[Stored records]
lemma laplacian_mult_index:
  assumes diag: "\<forall>i<n. W $$ (i,i) = 0" and nonneg: "\<forall>i<n. \<forall>j<n. W $$ (i,j) \<ge> 0"
    and M: "M \<in> carrier_mat n n" and "i < n" "j < n"
  shows "(laplacian n W * M) $$ (i,j)
    = (\<Sum>p \<in> out_nbrs n W i. W $$ (i,p) * (M $$ (i,j) - M $$ (p,j)))"
proof -
  let ?L = "laplacian n W"
  have "(?L * M) $$ (i,j) = (\<Sum>p<n. ?L $$ (i,p) * M $$ (p,j))"
    using assms by (simp add: laplacian_def scalar_prod_def atLeast0LessThan)
  also have "\<dots> = ?L $$ (i,i) * M $$ (i,j) + (\<Sum>p \<in> {..<n} - {i}. ?L $$ (i,p) * M $$ (p,j))"
    using \<open>i < n\<close> by (subst sum.remove[of _ i]) auto
  also have "\<dots> = (\<Sum>p \<in> {..<n} - {i}. W $$ (i,p) * (M $$ (i,j) - M $$ (p,j)))"
    using \<open>i < n\<close>
    by (simp add: laplacian_def sum_distrib_right right_diff_distrib sum_subtractf sum_negf)
  also have "\<dots> = (\<Sum>p \<in> out_nbrs n W i. W $$ (i,p) * (M $$ (i,j) - M $$ (p,j)))"
  proof (rule sum.mono_neutral_right)
    show "out_nbrs n W i \<subseteq> {..<n} - {i}" unfolding out_nbrs_def arcs_def using diag by auto
    show "\<forall>p \<in> {..<n} - {i} - out_nbrs n W i. W $$ (i,p) * (M $$ (i,j) - M $$ (p,j)) = 0"
    proof
      fix p assume p: "p \<in> {..<n} - {i} - out_nbrs n W i"
      then have "\<not> W $$ (i,p) > 0" "W $$ (i,p) \<ge> 0"
        using nonneg \<open>i < n\<close> unfolding out_nbrs_def arcs_def by auto
      then show "W $$ (i,p) * (M $$ (i,j) - M $$ (p,j)) = 0" by simp
    qed
  qed simp
  finally show ?thesis .
qed

lemma laplacian_mult_Qmat_index:
  assumes "\<forall>i<n. W $$ (i,i) = 0" "\<forall>i<n. \<forall>j<n. W $$ (i,j) \<ge> 0" "i < n" "j < n"
  shows "(laplacian n W * Qmat n W k) $$ (i,j)
    = (\<Sum>(F,p) \<in> forests n W k \<times> out_nbrs n W i. laplacian_term W i j F p)"
proof -
  have "(laplacian n W * Qmat n W k) $$ (i,j)
      = (\<Sum>p \<in> out_nbrs n W i. \<Sum>F \<in> forests n W k. laplacian_term W i j F p)"
    unfolding laplacian_mult_index[OF assms(1,2) Qmat_carrier assms(3,4)]
  proof (rule sum.cong[OF refl])
    fix p assume "p \<in> out_nbrs n W i"
    then have "p < n" unfolding out_nbrs_def arcs_def by simp
    then show "W $$ (i,p) * (Qmat n W k $$ (i,j) - Qmat n W k $$ (p,j))
        = (\<Sum>F \<in> forests n W k. laplacian_term W i j F p)"
      unfolding Qmat_index[OF assms(3,4)] Qmat_index[OF \<open>p < n\<close> assms(4)] laplacian_term_def
      by (simp add: sum_distrib_left sum_subtractf[symmetric] algebra_simps)
  qed
  also have "\<dots> = (\<Sum>(F,p) \<in> forests n W k \<times> out_nbrs n W i. laplacian_term W i j F p)"
    by (subst sum.swap) (rule sum.cartesian_product)
  finally show ?thesis .
qed

lemma Qmat_recurrence:
  assumes "\<forall>i<n. W $$ (i,i) = 0" "\<forall>i<n. \<forall>j<n. W $$ (i,j) \<ge> 0"
  shows "Qmat n W (Suc k) + laplacian n W * Qmat n W k = sigma n W (Suc k) \<cdot>\<^sub>m 1\<^sub>m n"
proof (rule eq_matI)
  fix i j assume "i < dim_row (sigma n W (Suc k) \<cdot>\<^sub>m 1\<^sub>m n)" "j < dim_col (sigma n W (Suc k) \<cdot>\<^sub>m 1\<^sub>m n)"
  then have ij: "i < n" "j < n" by simp_all
  then show "(Qmat n W (Suc k) + laplacian n W * Qmat n W k) $$ (i,j)
      = (sigma n W (Suc k) \<cdot>\<^sub>m 1\<^sub>m n) $$ (i,j)"
    using Qmat_Suc_index_plus_laplacian_terms[OF ij] laplacian_mult_Qmat_index[OF assms ij]
    by (simp add: laplacian_def mult.commute)
qed (simp_all add: laplacian_def)

section \<open>Matrix sequences obeying the recurrence\<close>

lemma add_right_cancel_mat:
  fixes A B X :: "'a::cancel_semigroup_add mat"
  assumes "A \<in> carrier_mat n m" "B \<in> carrier_mat n m" "X \<in> carrier_mat n m" "A + X = B + X"
  shows "A = B"
proof (rule eq_matI)
  fix i j assume ij: "i < dim_row B" "j < dim_col B"
  have "(A + X) $$ (i,j) = (B + X) $$ (i,j)" using assms(4) by simp
  with assms(1-3) ij show "A $$ (i,j) = B $$ (i,j)" by simp
qed (use assms in auto)

locale matrix_recurrence =
  fixes n :: nat and L :: "'a::comm_ring_1 mat" and Q :: "nat \<Rightarrow> 'a mat" and s :: "nat \<Rightarrow> 'a"
  assumes L_carrier [simp]: "L \<in> carrier_mat n n" and Q_carrier [simp]: "Q k \<in> carrier_mat n n"
    and Q_0: "Q 0 = s 0 \<cdot>\<^sub>m 1\<^sub>m n"
    and Q_Suc: "Q (Suc k) + L * Q k = s (Suc k) \<cdot>\<^sub>m 1\<^sub>m n"
begin

lemma Q_dim [simp]: "dim_row (Q k) = n" "dim_col (Q k) = n"
  using carrier_matD[OF Q_carrier] by simp_all

text \<open>\<open>mult_carrier_mat\<close> with the inner dimension fixed, so that the simplifier can use it.\<close>

lemma mult_carrier_mat_square [simp]:
  "A \<in> carrier_mat n n \<Longrightarrow> B \<in> carrier_mat n n \<Longrightarrow> A * B \<in> carrier_mat n n"
  by (rule mult_carrier_mat)

lemma scalar_mult_commute:
  fixes A :: "'a mat"
  assumes "A \<in> carrier_mat n n"
  shows "A * (c \<cdot>\<^sub>m 1\<^sub>m n) = c \<cdot>\<^sub>m A" "(c \<cdot>\<^sub>m 1\<^sub>m n) * A = c \<cdot>\<^sub>m A"
  using assms
    by (simp_all add: mult_smult_distrib[of A n n "1\<^sub>m n" n] mult_smult_assoc_mat[of "1\<^sub>m n" n n A n])

lemma L_Q_commute: "L * Q k = Q k * L"
proof (induction k)
  case 0
  show ?case unfolding Q_0 scalar_mult_commute[OF L_carrier] ..
next
  case (Suc k)
  have "L * Q (Suc k) + L * (L * Q k) = L * (Q (Suc k) + L * Q k)"
    by (simp add: mult_add_distrib_mat[of L n n "Q (Suc k)" n "L * Q k"])
  also have "\<dots> = (Q (Suc k) + L * Q k) * L"
    unfolding Q_Suc scalar_mult_commute[OF L_carrier] ..
  also have "\<dots> = Q (Suc k) * L + L * (Q k * L)"
    by (simp add: add_mult_distrib_mat[of "Q (Suc k)" n n "L * Q k" L n]
        assoc_mult_mat[of L n n "Q k" n L n])
  finally have "L * Q (Suc k) + L * (L * Q k) = Q (Suc k) * L + L * (L * Q k)"
    unfolding Suc.IH .
  then show ?case by (rule add_right_cancel_mat[where n = n and m = n, rotated 3]) simp_all
qed

context
  fixes m :: nat
  assumes Q_Suc_m: "Q (Suc m) = 0\<^sub>m n n" and s_Suc_m: "s (Suc m) = 0"
begin

lemma L_Q_last: "L * Q m = 0\<^sub>m n n"
proof -
  have "(0::'a) \<cdot>\<^sub>m 1\<^sub>m n = 0\<^sub>m n n" by (rule eq_matI) simp_all
  with Q_Suc[of m] show ?thesis unfolding Q_Suc_m s_Suc_m by simp
qed

lemma Q_last_L: "Q m * L = 0\<^sub>m n n"
  using L_Q_last L_Q_commute by simp

lemma Q_last_mult: "Q m * Q k = s k \<cdot>\<^sub>m Q m"
proof (induction k)
  case 0
  show ?case unfolding Q_0 scalar_mult_commute[OF Q_carrier] ..
next
  case (Suc k)
  have "Q m * (L * Q k) = (Q m * L) * Q k"
    by (rule assoc_mult_mat[of "Q m" n n L n "Q k" n, symmetric]) simp_all
  then have "Q m * (L * Q k) = 0\<^sub>m n n" by (simp add: Q_last_L)
  then have "Q m * Q (Suc k) = Q m * (Q (Suc k) + L * Q k)"
    by (simp add: mult_add_distrib_mat[of "Q m" n n "Q (Suc k)" n "L * Q k"])
  then show ?case unfolding Q_Suc scalar_mult_commute[OF Q_carrier] .
qed

lemma mult_Q_last: "Q k * Q m = s k \<cdot>\<^sub>m Q m"
proof (induction k)
  case 0
  show ?case unfolding Q_0 scalar_mult_commute[OF Q_carrier] ..
next
  case (Suc k)
  have "(L * Q k) * Q m = L * (s k \<cdot>\<^sub>m Q m)"
    using Suc.IH by (simp add: assoc_mult_mat[of L n n "Q k" n "Q m" n])
  also have "\<dots> = 0\<^sub>m n n"
    using L_Q_last by (simp add: mult_smult_distrib[of L n n "Q m" n])
  finally have "Q (Suc k) * Q m = (Q (Suc k) + L * Q k) * Q m"
    by (simp add: add_mult_distrib_mat[of "Q (Suc k)" n n "L * Q k" "Q m" n])
  then show ?case unfolding Q_Suc scalar_mult_commute[OF Q_carrier] .
qed

end

end

section \<open>Idempotent matrices\<close>

definition trace :: "'a::comm_ring_1 mat \<Rightarrow> 'a" where
  "trace A = (\<Sum>i<dim_row A. A $$ (i,i))"

lemma trace_mult_comm:
  fixes A B :: "'a::comm_ring_1 mat"
  assumes "A \<in> carrier_mat n m" "B \<in> carrier_mat m n"
  shows "trace (A * B) = trace (B * A)"
proof -
  have "trace (A * B) = (\<Sum>i<n. \<Sum>k<m. A $$ (i,k) * B $$ (k,i))"
    using assms by (simp add: trace_def scalar_prod_def atLeast0LessThan)
  also have "\<dots> = (\<Sum>k<m. \<Sum>i<n. B $$ (k,i) * A $$ (i,k))"
    by (subst sum.swap) (simp add: mult.commute)
  also have "\<dots> = trace (B * A)"
    using assms by (simp add: trace_def scalar_prod_def atLeast0LessThan)
  finally show ?thesis .
qed

lemma trace_similar:
  fixes A B :: "'a::comm_ring_1 mat"
  assumes "similar_mat A B"
  shows "trace A = trace B"
proof -
  obtain n P Q where PQ: "{A,B,P,Q} \<subseteq> carrier_mat n n" "Q * P = 1\<^sub>m n" "A = P * B * Q"
    using similar_matD[OF assms] by blast
  have "P * B \<in> carrier_mat n n" using PQ(1) by auto
  then have "trace A = trace (Q * (P * B))"
    using trace_mult_comm[of "P * B" n n Q] PQ by simp
  also have "\<dots> = trace ((Q * P) * B)"
    using PQ(1) by (simp add: assoc_mult_mat[of Q n n P n B n])
  also have "\<dots> = trace B"
    using PQ by (simp add: left_mult_one_mat[of B n n])
  finally show ?thesis .
qed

## Your task
How many lines of these records include the word "with"? Only the number should be written.

## Response area
3